EXERCISE BRIEF —
What lines of the data include the string "noteq"? Copy them all.
**** PROVIDED ENTRIES ****
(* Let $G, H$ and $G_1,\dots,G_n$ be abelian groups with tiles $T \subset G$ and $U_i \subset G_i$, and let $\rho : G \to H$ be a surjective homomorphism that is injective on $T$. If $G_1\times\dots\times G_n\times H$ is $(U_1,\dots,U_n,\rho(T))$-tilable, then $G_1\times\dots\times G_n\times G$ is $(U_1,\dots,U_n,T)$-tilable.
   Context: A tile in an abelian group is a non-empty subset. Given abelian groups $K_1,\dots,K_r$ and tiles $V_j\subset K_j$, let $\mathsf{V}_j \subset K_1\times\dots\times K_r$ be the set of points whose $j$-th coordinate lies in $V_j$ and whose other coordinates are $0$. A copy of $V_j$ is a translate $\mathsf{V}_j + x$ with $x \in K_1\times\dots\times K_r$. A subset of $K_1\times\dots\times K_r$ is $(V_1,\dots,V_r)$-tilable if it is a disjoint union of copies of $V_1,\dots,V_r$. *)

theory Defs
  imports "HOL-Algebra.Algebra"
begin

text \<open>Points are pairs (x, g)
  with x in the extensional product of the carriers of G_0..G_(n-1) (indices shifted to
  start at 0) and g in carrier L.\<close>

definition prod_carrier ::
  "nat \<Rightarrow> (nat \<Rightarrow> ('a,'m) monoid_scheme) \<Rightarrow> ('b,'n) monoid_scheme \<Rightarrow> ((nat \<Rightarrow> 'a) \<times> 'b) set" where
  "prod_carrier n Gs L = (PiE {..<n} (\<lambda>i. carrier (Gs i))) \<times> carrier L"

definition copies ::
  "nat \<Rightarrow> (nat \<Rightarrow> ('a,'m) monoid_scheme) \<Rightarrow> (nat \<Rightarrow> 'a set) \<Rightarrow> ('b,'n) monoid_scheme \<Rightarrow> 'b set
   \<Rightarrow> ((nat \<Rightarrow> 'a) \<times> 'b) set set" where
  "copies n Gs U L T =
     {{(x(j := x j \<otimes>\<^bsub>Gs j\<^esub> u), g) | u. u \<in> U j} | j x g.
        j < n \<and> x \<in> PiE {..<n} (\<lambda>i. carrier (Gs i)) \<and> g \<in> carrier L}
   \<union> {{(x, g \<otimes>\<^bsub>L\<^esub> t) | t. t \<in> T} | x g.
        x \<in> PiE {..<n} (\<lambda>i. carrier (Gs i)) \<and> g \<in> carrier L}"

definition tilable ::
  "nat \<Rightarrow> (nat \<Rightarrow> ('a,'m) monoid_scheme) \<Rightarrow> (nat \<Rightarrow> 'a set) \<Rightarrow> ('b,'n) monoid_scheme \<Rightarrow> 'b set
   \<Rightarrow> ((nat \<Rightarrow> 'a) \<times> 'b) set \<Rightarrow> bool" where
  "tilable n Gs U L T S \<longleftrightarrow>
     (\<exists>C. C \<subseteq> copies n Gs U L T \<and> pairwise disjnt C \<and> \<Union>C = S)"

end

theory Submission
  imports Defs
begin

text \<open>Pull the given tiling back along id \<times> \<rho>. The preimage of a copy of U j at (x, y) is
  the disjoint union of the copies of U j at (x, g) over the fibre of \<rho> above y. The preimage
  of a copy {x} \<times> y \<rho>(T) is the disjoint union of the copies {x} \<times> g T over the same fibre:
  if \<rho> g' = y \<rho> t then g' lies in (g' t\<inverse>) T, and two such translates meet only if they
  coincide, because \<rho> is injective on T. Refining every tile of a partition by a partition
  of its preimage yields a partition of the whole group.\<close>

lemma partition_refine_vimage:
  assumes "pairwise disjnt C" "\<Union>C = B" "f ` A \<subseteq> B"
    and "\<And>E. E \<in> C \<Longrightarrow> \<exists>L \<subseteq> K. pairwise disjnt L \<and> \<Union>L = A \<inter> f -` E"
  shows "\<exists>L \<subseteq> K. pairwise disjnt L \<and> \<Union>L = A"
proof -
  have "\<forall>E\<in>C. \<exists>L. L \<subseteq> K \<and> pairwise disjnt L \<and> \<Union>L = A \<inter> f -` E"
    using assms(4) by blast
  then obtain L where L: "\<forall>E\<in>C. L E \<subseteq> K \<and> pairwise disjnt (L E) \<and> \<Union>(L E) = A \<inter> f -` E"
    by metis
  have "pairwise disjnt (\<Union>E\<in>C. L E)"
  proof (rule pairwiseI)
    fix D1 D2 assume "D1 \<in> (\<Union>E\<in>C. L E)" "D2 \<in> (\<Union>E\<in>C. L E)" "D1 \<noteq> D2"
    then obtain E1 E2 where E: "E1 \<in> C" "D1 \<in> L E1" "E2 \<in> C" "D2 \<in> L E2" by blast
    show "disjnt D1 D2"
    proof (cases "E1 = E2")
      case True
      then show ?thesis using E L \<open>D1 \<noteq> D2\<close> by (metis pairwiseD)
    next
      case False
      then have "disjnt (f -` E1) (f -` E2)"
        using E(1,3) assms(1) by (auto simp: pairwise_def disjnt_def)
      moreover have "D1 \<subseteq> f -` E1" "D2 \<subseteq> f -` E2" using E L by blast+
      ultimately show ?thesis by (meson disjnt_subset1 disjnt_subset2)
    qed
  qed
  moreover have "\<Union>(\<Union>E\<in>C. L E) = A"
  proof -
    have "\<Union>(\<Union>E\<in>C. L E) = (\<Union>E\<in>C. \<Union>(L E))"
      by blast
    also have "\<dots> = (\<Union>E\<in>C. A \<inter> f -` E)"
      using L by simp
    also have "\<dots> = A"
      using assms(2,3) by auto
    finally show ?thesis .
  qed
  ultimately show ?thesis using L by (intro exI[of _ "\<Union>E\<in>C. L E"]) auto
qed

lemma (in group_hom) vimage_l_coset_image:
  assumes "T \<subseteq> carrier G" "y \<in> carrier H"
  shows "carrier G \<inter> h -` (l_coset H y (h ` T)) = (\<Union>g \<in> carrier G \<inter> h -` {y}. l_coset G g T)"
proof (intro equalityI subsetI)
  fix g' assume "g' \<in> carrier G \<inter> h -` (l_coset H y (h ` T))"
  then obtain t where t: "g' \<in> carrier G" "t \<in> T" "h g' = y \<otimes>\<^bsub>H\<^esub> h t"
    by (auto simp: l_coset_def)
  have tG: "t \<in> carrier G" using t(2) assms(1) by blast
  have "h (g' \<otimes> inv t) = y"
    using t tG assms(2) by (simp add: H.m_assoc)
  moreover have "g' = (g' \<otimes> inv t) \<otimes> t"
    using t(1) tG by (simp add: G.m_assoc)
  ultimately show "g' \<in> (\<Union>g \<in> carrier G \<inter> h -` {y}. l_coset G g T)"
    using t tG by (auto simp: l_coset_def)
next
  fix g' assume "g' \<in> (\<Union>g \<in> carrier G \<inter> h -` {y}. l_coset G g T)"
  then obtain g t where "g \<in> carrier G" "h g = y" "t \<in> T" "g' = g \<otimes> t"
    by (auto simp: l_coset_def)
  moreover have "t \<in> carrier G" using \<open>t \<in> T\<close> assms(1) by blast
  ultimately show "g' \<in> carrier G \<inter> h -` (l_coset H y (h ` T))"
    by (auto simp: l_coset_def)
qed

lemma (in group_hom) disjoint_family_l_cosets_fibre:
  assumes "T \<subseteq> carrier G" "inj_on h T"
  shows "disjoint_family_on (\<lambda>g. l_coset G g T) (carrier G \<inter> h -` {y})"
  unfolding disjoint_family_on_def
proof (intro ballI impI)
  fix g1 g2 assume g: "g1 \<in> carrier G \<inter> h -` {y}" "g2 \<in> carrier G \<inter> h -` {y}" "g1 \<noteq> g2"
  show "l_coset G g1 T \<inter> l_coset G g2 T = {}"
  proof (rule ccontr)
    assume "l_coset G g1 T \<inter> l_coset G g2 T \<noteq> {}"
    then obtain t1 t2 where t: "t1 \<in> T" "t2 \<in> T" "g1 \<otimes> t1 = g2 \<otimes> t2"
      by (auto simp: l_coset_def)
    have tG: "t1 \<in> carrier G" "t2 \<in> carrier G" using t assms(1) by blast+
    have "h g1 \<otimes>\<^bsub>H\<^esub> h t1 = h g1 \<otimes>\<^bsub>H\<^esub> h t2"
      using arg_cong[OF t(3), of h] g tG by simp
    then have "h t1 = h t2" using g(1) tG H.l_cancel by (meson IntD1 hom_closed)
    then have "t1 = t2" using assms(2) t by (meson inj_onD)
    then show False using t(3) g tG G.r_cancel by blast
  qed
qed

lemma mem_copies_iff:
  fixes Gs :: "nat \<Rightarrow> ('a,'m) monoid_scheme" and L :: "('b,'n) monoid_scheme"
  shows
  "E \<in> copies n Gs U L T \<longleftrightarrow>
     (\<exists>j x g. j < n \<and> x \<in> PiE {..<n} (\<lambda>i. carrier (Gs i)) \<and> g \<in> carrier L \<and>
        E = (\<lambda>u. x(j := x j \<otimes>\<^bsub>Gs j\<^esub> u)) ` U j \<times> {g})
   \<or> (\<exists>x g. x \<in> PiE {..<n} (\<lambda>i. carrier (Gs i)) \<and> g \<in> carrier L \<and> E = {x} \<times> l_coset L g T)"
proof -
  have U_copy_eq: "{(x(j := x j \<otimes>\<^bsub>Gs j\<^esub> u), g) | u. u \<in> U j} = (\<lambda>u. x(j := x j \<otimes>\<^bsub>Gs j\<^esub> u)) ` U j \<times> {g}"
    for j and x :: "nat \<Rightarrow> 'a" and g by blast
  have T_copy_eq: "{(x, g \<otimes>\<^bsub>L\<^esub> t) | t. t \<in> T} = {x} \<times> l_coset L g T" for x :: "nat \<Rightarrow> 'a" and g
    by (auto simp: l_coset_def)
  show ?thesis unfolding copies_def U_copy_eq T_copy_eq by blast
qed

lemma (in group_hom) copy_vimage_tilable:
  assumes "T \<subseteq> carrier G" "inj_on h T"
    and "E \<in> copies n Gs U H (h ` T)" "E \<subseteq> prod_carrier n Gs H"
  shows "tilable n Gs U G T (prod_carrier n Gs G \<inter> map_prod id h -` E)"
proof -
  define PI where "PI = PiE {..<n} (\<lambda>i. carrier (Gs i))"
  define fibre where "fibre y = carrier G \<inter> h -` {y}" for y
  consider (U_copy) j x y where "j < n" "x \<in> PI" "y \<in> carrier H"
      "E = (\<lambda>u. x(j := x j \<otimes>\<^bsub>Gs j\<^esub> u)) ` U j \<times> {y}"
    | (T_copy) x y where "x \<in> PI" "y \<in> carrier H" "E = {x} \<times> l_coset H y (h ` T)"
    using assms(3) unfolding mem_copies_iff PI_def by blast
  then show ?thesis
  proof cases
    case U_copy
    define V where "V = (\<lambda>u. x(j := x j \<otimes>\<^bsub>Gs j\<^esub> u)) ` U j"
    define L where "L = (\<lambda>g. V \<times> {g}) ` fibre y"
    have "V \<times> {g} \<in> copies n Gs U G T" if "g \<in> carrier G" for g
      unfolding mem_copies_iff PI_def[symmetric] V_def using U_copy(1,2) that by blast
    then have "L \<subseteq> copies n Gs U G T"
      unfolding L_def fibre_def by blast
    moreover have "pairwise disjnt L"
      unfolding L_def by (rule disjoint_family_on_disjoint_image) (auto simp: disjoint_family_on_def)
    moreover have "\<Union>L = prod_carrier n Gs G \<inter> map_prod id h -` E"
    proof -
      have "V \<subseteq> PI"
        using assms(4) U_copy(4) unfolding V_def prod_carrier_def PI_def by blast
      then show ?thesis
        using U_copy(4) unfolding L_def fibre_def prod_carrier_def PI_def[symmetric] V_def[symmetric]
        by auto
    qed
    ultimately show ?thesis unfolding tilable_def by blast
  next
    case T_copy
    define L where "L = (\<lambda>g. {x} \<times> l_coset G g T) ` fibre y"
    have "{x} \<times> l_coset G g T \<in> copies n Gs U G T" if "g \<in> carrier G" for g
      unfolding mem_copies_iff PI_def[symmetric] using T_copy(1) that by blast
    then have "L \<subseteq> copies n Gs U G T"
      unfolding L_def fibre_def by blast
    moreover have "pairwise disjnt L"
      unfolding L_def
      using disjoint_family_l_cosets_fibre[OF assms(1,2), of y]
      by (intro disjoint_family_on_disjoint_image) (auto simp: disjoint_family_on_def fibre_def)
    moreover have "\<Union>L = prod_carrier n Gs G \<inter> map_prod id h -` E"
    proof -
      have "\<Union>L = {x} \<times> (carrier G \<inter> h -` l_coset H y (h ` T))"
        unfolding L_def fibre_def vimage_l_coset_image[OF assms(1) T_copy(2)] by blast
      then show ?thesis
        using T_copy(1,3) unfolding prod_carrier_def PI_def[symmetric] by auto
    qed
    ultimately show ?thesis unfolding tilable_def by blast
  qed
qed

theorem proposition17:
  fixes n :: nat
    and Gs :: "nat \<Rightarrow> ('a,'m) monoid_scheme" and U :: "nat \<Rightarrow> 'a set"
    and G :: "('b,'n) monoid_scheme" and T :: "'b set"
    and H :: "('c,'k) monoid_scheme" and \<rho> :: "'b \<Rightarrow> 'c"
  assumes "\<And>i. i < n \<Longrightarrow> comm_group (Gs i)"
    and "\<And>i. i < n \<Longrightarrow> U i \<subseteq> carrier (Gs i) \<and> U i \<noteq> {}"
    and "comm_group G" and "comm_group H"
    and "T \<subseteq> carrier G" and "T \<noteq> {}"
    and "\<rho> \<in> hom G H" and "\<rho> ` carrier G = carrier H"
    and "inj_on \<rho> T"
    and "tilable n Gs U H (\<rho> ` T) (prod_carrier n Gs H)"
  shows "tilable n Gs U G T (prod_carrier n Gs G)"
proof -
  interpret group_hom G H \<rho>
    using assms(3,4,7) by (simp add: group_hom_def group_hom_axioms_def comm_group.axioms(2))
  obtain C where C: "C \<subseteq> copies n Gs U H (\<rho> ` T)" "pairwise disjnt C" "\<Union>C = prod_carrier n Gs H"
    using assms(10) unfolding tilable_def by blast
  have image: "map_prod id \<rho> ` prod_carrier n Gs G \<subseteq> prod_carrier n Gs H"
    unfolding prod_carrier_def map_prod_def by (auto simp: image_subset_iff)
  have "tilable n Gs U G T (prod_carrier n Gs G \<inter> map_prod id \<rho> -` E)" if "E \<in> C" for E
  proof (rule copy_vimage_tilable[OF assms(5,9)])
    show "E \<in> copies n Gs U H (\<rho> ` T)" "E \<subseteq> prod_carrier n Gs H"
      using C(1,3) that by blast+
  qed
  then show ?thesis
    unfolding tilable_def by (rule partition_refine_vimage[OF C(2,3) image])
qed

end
****
TASK ANSWER —
    fix D1 D2 assume "D1 \<in> (\<Union>E\<in>C. L E)" "D2 \<in> (\<Union>E\<in>C. L E)" "D1 \<noteq> D2"
      then show ?thesis using E L \<open>D1 \<noteq> D2\<close> by (metis pairwiseD)
  fix g1 g2 assume g: "g1 \<in> carrier G \<inter> h -` {y}" "g2 \<in> carrier G \<inter> h -` {y}" "g1 \<noteq> g2"
    assume "l_coset G g1 T \<inter> l_coset G g2 T \<noteq> {}"
    and "\<And>i. i < n \<Longrightarrow> U i \<subseteq> carrier (Gs i) \<and> U i \<noteq> {}"
    and "T \<subseteq> carrier G" and "T \<noteq> {}"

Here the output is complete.